EXERCISE AIM: Beginning at the line that includes "theory Defs", print each remaining line of the data word for word. Output nothing else.

Saved entries:
(* Let $L\subset S^3$ be an oriented link and $\widehat{\mathcal{B}}_L$ its topological biquandle (as in the context). For every $a\in\widehat{\mathcal{B}}_L$, the maps $f_a,g_a\colon\widehat{\mathcal{B}}_L\to\widehat{\mathcal{B}}_L$ given by $f_a(x)=x\uparrow a$ and $g_a(x)=x\downarrow a$ are bijective.
   Context: An oriented link $L$ is an oriented subspace of $S^3$ homeomorphic to a finite disjoint union of circles. Let $N_L$ be a regular neighborhood of $L$ and $E_L$ the closure of $S^3\setminus N_L$; the orientation of $L$ induces an orientation of its normal bundle by the right-hand rule. Choose a 3-ball $B^3\subset S^3$ with $N_L\subset B^3$ and antipodal points $z_0,z_1\in\partial B^3$. For a path $a$, $\overline{a}(t)=a(1-t)$; $a\cdot b$ is concatenation. Let $\mathcal{B}_L$ be the set of pairs $(a_0,a_1)$ with $a_i\colon[0,1]\to E_L$ a path from a point of $\partial N_L$ to $z_i$ and $a_0(0)=a_1(0)$. Set $(a_0,a_1)\sim(b_0,b_1)$ if there is a homotopy $H_t\colon[0,1]\to E_L$ with $H_0=\overline{a_0}\cdot a_1$, $H_1=\overline{b_0}\cdot b_1$, $H_t(0)=z_0$, $H_t(1)=z_1$, $H_t(\tfrac12)\in\partial N_L$ for all $t$. Let $\widehat{\mathcal{B}}_L=\mathcal{B}_L/\!\sim$, with $[a_0,a_1]$ the class of $(a_0,a_1)$. For $p\in\partial N_L$, $m_p$ is the loop in $\partial N_L$ at $p$ going once positively around the meridian of the corresponding component of $L$. The (well-defined) operations on $\widehat{\mathcal{B}}_L$ are $[a_0,a_1]\uparrow[b_0,b_1]=[a_0\cdot\overline{b_0}\cdot m_{b_0(0)}\cdot b_0,\ a_1]$ and $[a_0,a_1]\downarrow[b_0,b_1]=[a_0,\ a_1\cdot\overline{b_1}\cdot m_{b_1(0)}\cdot b_1]$. The set $\widehat{\mathcal{B}}_L$ with these operations is called the topological biquandle of $L$. *)

theory Defs
  imports "HOL-Analysis.Analysis"
begin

SOLUTION TO THIS TASK:
theory Defs
  imports "HOL-Analysis.Analysis"
begin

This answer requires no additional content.